◆ Work to be completed ◆
From the first line of the data below through the line holding "by (auto intro!: derivative_eq_intros", write out each line exactly as it stands.

Start of Extracted material

(*
  In one variable, the closed forms of L_k and H_2n and the Chu-Vandermonde identity for the
  coefficients binom(k - 1/2, k) give the finite expansion
    L_k(t^2) exp(-t^2/2) = sum_{n <= k} binom(k - n - 1/2, k - n) kappa_n h_2n(t),
  where kappa_n = (-1)^n pi^(1/4) sqrt((2n)!) / (2^n n!).  Taking products over the coordinates,
  l_k(v x) is a finite combination of the h_2m(x) with m <= k.  Substituting this into
  f(v x) = sum_k a_k l_k(v x) gives a double series that converges absolutely, because
  |kappa_m h_2m(x)| <= (1 + 2|x|^2)^|m|, the box {m <= k} has at most 2^|k| points, and a_k decays
  faster than any geometric sequence; summing over k first produces the coefficients b_2n.
  Finally |binom(k - 1/2, k)| <= 1 and k! n! <= (k + n)! show that b_n decays like a_n, and
  (2n)! <= 4^|n| (n!)^2 converts this into the decay required of b_2n in l_flat_sigma.
*)

theory Submission
  imports Defs "HOL-Computational_Algebra.Polynomial"
begin

section \<open>Closed forms of the Laguerre and Hermite polynomials\<close>

definition exp_poly_deriv :: "real poly \<Rightarrow> real poly \<Rightarrow> real poly" where
  "exp_poly_deriv q p = pderiv p + pderiv q * p"

lemma deriv_exp_poly_mult:
  "deriv (\<lambda>s. exp (poly q s) * poly p s) = (\<lambda>s. exp (poly q s) * poly (exp_poly_deriv q p) s)"
proof
  fix s :: real
  have "((\<lambda>s. exp (poly q s) * poly p s) has_real_derivative
        exp (poly q s) * poly (pderiv q) s * poly p s + exp (poly q s) * poly (pderiv p) s) (at s)"
    by (auto intro!: derivative_eq_intros simp: poly_DERIV)
  then show "deriv (\<lambda>s. exp (poly q s) * poly p s) s = exp (poly q s) * poly (exp_poly_deriv q p) s"
    by (auto dest!: DERIV_imp_deriv simp: exp_poly_deriv_def algebra_simps)
qed

lemma higher_deriv_exp_poly_mult:
  "(deriv ^^ j) (\<lambda>s. exp (poly q s) * poly p s) = (\<lambda>s. exp (poly q s) * poly ((exp_poly_deriv q ^^ j) p) s)"
  by (induction j) (simp_all add: deriv_exp_poly_mult)

lemma poly_eq_sum_atMost:
  fixes p :: "'a::comm_semiring_1 poly"
  assumes "\<And>i. n < i \<Longrightarrow> coeff p i = 0"
  shows "poly p x = (\<Sum>i\<le>n. coeff p i * x ^ i)"
proof -
  have "degree p \<le> n" using assms by (intro degree_le) auto
  then have "(\<Sum>i\<le>degree p. coeff p i * x ^ i) = (\<Sum>i\<le>n. coeff p i * x ^ i)"
    using assms by (intro sum.mono_neutral_left) (auto simp: coeff_eq_0)
  then show ?thesis by (simp add: poly_altdef)
qed

lemma coeff_exp_poly_deriv_laguerre:
  "coeff (exp_poly_deriv [:0, -1:] p) l = real (Suc l) * coeff p (Suc l) - coeff p l"
  by (simp add: exp_poly_deriv_def coeff_pderiv pderiv_pCons)

lemma coeff_exp_poly_deriv_laguerre_iter:
  "coeff ((exp_poly_deriv [:0, -1:] ^^ j) (monom 1 m)) l =
     (if l \<le> m then real (j choose (m - l)) * (-1) ^ (j + m + l) * fact m / fact l else 0)"
proof (induction j arbitrary: l)
  case 0
  then show ?case by (auto simp: coeff_monom)
next
  case (Suc j)
  show ?case
  proof (cases "l < m")
    case True
    have fact_Suc_div: "real (Suc l) / fact (Suc l) = (1::real) / fact l" by simp
    have "coeff ((exp_poly_deriv [:0, -1:] ^^ Suc j) (monom 1 m)) l =
        (real (Suc l) / fact (Suc l)) * (real (j choose (m - Suc l)) * (-1) ^ (j + m + Suc l) * fact m)
        - real (j choose (m - l)) * (-1) ^ (j + m + l) * fact m / fact l"
      using Suc True by (simp add: coeff_exp_poly_deriv_laguerre)
    also have "\<dots> = (real (j choose (m - Suc l)) + real (j choose (m - l))) * (-1) ^ (Suc j + m + l) * fact m / fact l"
      unfolding fact_Suc_div by (simp add: field_simps)
    also have "real (j choose (m - Suc l)) + real (j choose (m - l)) = real (Suc j choose (m - l))"
      using True by (simp add: Suc_diff_Suc[symmetric])
    finally show ?thesis using True by simp
  qed (use Suc in \<open>auto simp: coeff_exp_poly_deriv_laguerre\<close>)
qed

lemma laguerre_poly_eq_sum:
  "laguerre_poly m t = (\<Sum>l\<le>m. real (m choose l) * (-1) ^ l * t ^ l / fact l)"
proof -
  have rodrigues: "(\<lambda>s::real. exp (- s) * s ^ m) = (\<lambda>s. exp (poly [:0, -1:] s) * poly (monom 1 m) s)"
    by (simp add: poly_monom)
  have "laguerre_poly m t = poly ((exp_poly_deriv [:0, -1:] ^^ m) (monom 1 m)) t / fact m"
    unfolding laguerre_poly_def rodrigues higher_deriv_exp_poly_mult by (simp add: exp_minus)
  also have "\<dots> = (\<Sum>l\<le>m. real (m choose (m - l)) * (-1) ^ (m + m + l) * t ^ l / fact l)"
    by (subst poly_eq_sum_atMost[of m]) (auto simp: coeff_exp_poly_deriv_laguerre_iter sum_divide_distrib mult_ac)
  also have "\<dots> = (\<Sum>l\<le>m. real (m choose l) * (-1) ^ l * t ^ l / fact l)"
    by (intro sum.cong refl) (simp add: binomial_symmetric[symmetric] power_add flip: mult_2)
  finally show ?thesis .
qed

definition hermite_step :: "real poly \<Rightarrow> real poly" where
  "hermite_step p = [:0, 2:] * p - pderiv p"

lemma exp_poly_deriv_gauss: "exp_poly_deriv [:0, 0, -1:] p = - hermite_step p"
  by (simp add: exp_poly_deriv_def hermite_step_def pderiv_pCons)

lemma exp_poly_deriv_gauss_iter:
  "(exp_poly_deriv [:0, 0, -1:] ^^ m) 1 = smult ((-1) ^ m) ((hermite_step ^^ m) 1)"
proof (induction m)
  case (Suc m)
  have "hermite_step (smult c p) = smult c (hermite_step p)" for c p
    by (simp add: hermite_step_def pderiv_smult smult_diff_right)
  then show ?case
    using Suc by (simp del: minus_pCons add: exp_poly_deriv_gauss)
qed simp

lemma hermite_poly_eq_poly: "hermite_poly m t = poly ((hermite_step ^^ m) 1) t"
proof -
  have rodrigues: "(\<lambda>s::real. exp (- (s^2))) = (\<lambda>s. exp (poly [:0, 0, -1:] s) * poly 1 s)"
    by (simp add: power2_eq_square)
  show ?thesis
    unfolding hermite_poly_def rodrigues higher_deriv_exp_poly_mult exp_poly_deriv_gauss_iter
    by (simp add: exp_minus power2_eq_square mult.left_commute[of "(-1) ^ m"] flip: power_add mult_2)
qed

lemma coeff_hermite_step:
  "coeff (hermite_step p) j = 2 * (case j of 0 \<Rightarrow> 0 | Suc i \<Rightarrow> coeff p i) - real (Suc j) * coeff p (Suc j)"
  by (simp add: hermite_step_def coeff_pderiv coeff_pCons split: nat.split)

(* the coefficient of t^i in H_(2k+i) *)
definition hermite_coeff :: "nat \<Rightarrow> nat \<Rightarrow> real" where
  "hermite_coeff k i = (-1) ^ k * 2 ^ i * fact (2 * k + i) / (fact k * fact i)"

lemma hermite_coeff_0_left [simp]: "hermite_coeff 0 i = 2 ^ i"
  by (simp add: hermite_coeff_def)

lemma hermite_coeff_Suc_0: "hermite_coeff (Suc k) 0 = - hermite_coeff k 1"
proof -
  have "fact (2 * Suc k) = real (2 * Suc k) * (fact (2 * k + 1) :: real)"
    by (simp add: algebra_simps)
  then show ?thesis
    by (simp add: hermite_coeff_def divide_simps del: of_nat_Suc of_nat_mult) (simp add: algebra_simps)
qed

lemma hermite_coeff_Suc_Suc:
  "hermite_coeff (Suc k) (Suc i) = 2 * hermite_coeff (Suc k) i - real (Suc (Suc i)) * hermite_coeff k (Suc (Suc i))"
proof -
  define F where "F = (fact (2 * k + Suc (Suc i)) :: real)"
  have "fact (2 * Suc k + Suc i) = real (2 * k + i + 3) * F" "fact (2 * Suc k + i) = F"
    by (simp_all add: F_def algebra_simps)
  then show ?thesis
    unfolding hermite_coeff_def fact_Suc[of k] fact_Suc[of "Suc i"] fact_Suc[of i]
    by (simp add: divide_simps del: of_nat_Suc of_nat_mult of_nat_add fact_Suc) (simp add: algebra_simps)
qed

lemma coeff_hermite_step_iter_above: "m < j \<Longrightarrow> coeff ((hermite_step ^^ m) 1) j = 0"
proof (induction m arbitrary: j)
  case (Suc m)
  then show ?case by (simp add: coeff_hermite_step split: nat.split)
qed (simp add: coeff_1)

lemma coeff_hermite_step_iter_odd:
  "m = 2 * k + i + 1 \<Longrightarrow> coeff ((hermite_step ^^ m) 1) i = 0"
proof (induction m arbitrary: k i)
  case (Suc m)
  have "coeff ((hermite_step ^^ m) 1) (Suc i) = 0"
  proof (cases k)
    case 0
    with Suc.prems show ?thesis by (intro coeff_hermite_step_iter_above) simp
  next
    case (Suc k')
    with Suc.prems show ?thesis by (intro Suc.IH[of k']) simp
  qed
  moreover have "(case i of 0 \<Rightarrow> 0 | Suc i' \<Rightarrow> coeff ((hermite_step ^^ m) 1) i') = 0"
    using Suc by (cases i) auto
  ultimately show ?case by (simp add: coeff_hermite_step)
qed simp

lemma coeff_hermite_step_iter_even:
  "m = 2 * k + i \<Longrightarrow> coeff ((hermite_step ^^ m) 1) i = hermite_coeff k i"
proof (induction m arbitrary: k i)
  case 0
  then show ?case by (simp add: coeff_1)
next
  case (Suc m)
  let ?c = "coeff ((hermite_step ^^ m) 1)"
  show ?case
  proof (cases k)
    case 0
    with Suc.prems have "i = Suc m" by simp
    with 0 Suc.IH[of 0 m] coeff_hermite_step_iter_above[of m "Suc (Suc m)"] show ?thesis
      by (simp add: coeff_hermite_step)
  next
    case (Suc k')
    show ?thesis
    proof (cases i)
      case 0
      have "?c 1 = hermite_coeff k' 1" using Suc.prems Suc 0 by (intro Suc.IH) simp
      with 0 Suc show ?thesis by (simp add: coeff_hermite_step hermite_coeff_Suc_0)
    next
      case (Suc i')
      have "?c i' = hermite_coeff k i'" "?c (Suc (Suc i')) = hermite_coeff k' (Suc (Suc i'))"
        using Suc.prems Suc \<open>k = Suc k'\<close> by (intro Suc.IH; simp)+
      with Suc \<open>k = Suc k'\<close> show ?thesis by (simp add: coeff_hermite_step hermite_coeff_Suc_Suc)
    qed
  qed
qed

lemma hermite_poly_eq_sum:
  "hermite_poly m t = (\<Sum>k\<le>m div 2. hermite_coeff k (m - 2 * k) * t ^ (m - 2 * k))"
proof -
  let ?c = "coeff ((hermite_step ^^ m) 1)"
  have "hermite_poly m t = (\<Sum>j\<le>m. ?c j * t ^ j)"
    unfolding hermite_poly_eq_poly by (intro poly_eq_sum_atMost coeff_hermite_step_iter_above)
  also have "\<dots> = (\<Sum>j\<in>(\<lambda>k. m - 2 * k) ` {..m div 2}. ?c j * t ^ j)"
  proof (rule sum.mono_neutral_right)
    show "\<forall>j\<in>{..m} - (\<lambda>k. m - 2 * k) ` {..m div 2}. ?c j * t ^ j = 0"
    proof
      fix j assume j: "j \<in> {..m} - (\<lambda>k. m - 2 * k) ` {..m div 2}"
      have "odd (m - j)"
      proof
        assume "even (m - j)"
        then have "j = m - 2 * ((m - j) div 2)" "(m - j) div 2 \<le> m div 2" using j by auto
        with j show False by blast
      qed
      then have "m = 2 * ((m - j) div 2) + j + 1" using j by presburger
      then show "?c j * t ^ j = 0" by (simp add: coeff_hermite_step_iter_odd)
    qed
  qed auto
  also have "\<dots> = (\<Sum>k\<le>m div 2. ?c (m - 2 * k) * t ^ (m - 2 * k))"
    by (subst sum.reindex) (auto simp: inj_on_def)
  also have "\<dots> = (\<Sum>k\<le>m div 2. hermite_coeff k (m - 2 * k) * t ^ (m - 2 * k))"
  proof (intro sum.cong refl)
    fix k assume "k \<in> {..m div 2}"
    then have "m = 2 * k + (m - 2 * k)" by auto
    then show "?c (m - 2 * k) * t ^ (m - 2 * k) = hermite_coeff k (m - 2 * k) * t ^ (m - 2 * k)"
      by (simp only: coeff_hermite_step_iter_even)
  qed
  finally show ?thesis .
qed

lemma hermite_poly_even_eq_sum:
  "hermite_poly (2 * n) t = (\<Sum>i\<le>n. hermite_coeff (n - i) (2 * i) * t ^ (2 * i))"
proof -
  have "hermite_poly (2 * n) t = (\<Sum>k\<le>n. hermite_coeff k (2 * n - 2 * k) * t ^ (2 * n - 2 * k))"
    by (simp add: hermite_poly_eq_sum)
  also have "\<dots> = (\<Sum>i\<le>n. hermite_coeff (n - i) (2 * i) * t ^ (2 * i))"
  proof (rule sum.reindex_bij_witness[of _ "\<lambda>i. n - i" "\<lambda>i. n - i"])
    fix i assume "i \<in> {..n}"
    then have "n - (n - i) = i" "2 * (n - i) = 2 * n - 2 * i" by auto
    then show "hermite_coeff (n - (n - i)) (2 * (n - i)) * t ^ (2 * (n - i)) =
        hermite_coeff i (2 * n - 2 * i) * t ^ (2 * n - 2 * i)" by simp
  qed auto
  finally show ?thesis .
qed

section \<open>Binomial coefficients with half-integer upper argument\<close>

definition binom_half :: "nat \<Rightarrow> real" where
  "binom_half m = (real m - 1 / 2) gchoose m"

lemma binom_half_pochhammer: "binom_half m = pochhammer (1 / 2) m / fact m"
  unfolding binom_half_def gbinomial_pochhammer' by (simp add: algebra_simps)

lemma fact_double_binom_half: "(fact (2 * n) :: real) = 4 ^ n * binom_half n * (fact n)\<^sup>2"
  unfolding binom_half_pochhammer fact_double by (simp add: power_mult power2_eq_square)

End of Extracted material

◆ Solution to this task ◆
(*
  In one variable, the closed forms of L_k and H_2n and the Chu-Vandermonde identity for the
  coefficients binom(k - 1/2, k) give the finite expansion
    L_k(t^2) exp(-t^2/2) = sum_{n <= k} binom(k - n - 1/2, k - n) kappa_n h_2n(t),
  where kappa_n = (-1)^n pi^(1/4) sqrt((2n)!) / (2^n n!).  Taking products over the coordinates,
  l_k(v x) is a finite combination of the h_2m(x) with m <= k.  Substituting this into
  f(v x) = sum_k a_k l_k(v x) gives a double series that converges absolutely, because
  |kappa_m h_2m(x)| <= (1 + 2|x|^2)^|m|, the box {m <= k} has at most 2^|k| points, and a_k decays
  faster than any geometric sequence; summing over k first produces the coefficients b_2n.
  Finally |binom(k - 1/2, k)| <= 1 and k! n! <= (k + n)! show that b_n decays like a_n, and
  (2n)! <= 4^|n| (n!)^2 converts this into the decay required of b_2n in l_flat_sigma.
*)

theory Submission
  imports Defs "HOL-Computational_Algebra.Polynomial"
begin

section \<open>Closed forms of the Laguerre and Hermite polynomials\<close>

definition exp_poly_deriv :: "real poly \<Rightarrow> real poly \<Rightarrow> real poly" where
  "exp_poly_deriv q p = pderiv p + pderiv q * p"

lemma deriv_exp_poly_mult:
  "deriv (\<lambda>s. exp (poly q s) * poly p s) = (\<lambda>s. exp (poly q s) * poly (exp_poly_deriv q p) s)"
proof
  fix s :: real
  have "((\<lambda>s. exp (poly q s) * poly p s) has_real_derivative
        exp (poly q s) * poly (pderiv q) s * poly p s + exp (poly q s) * poly (pderiv p) s) (at s)"
    by (auto intro!: derivative_eq_intros simp: poly_DERIV)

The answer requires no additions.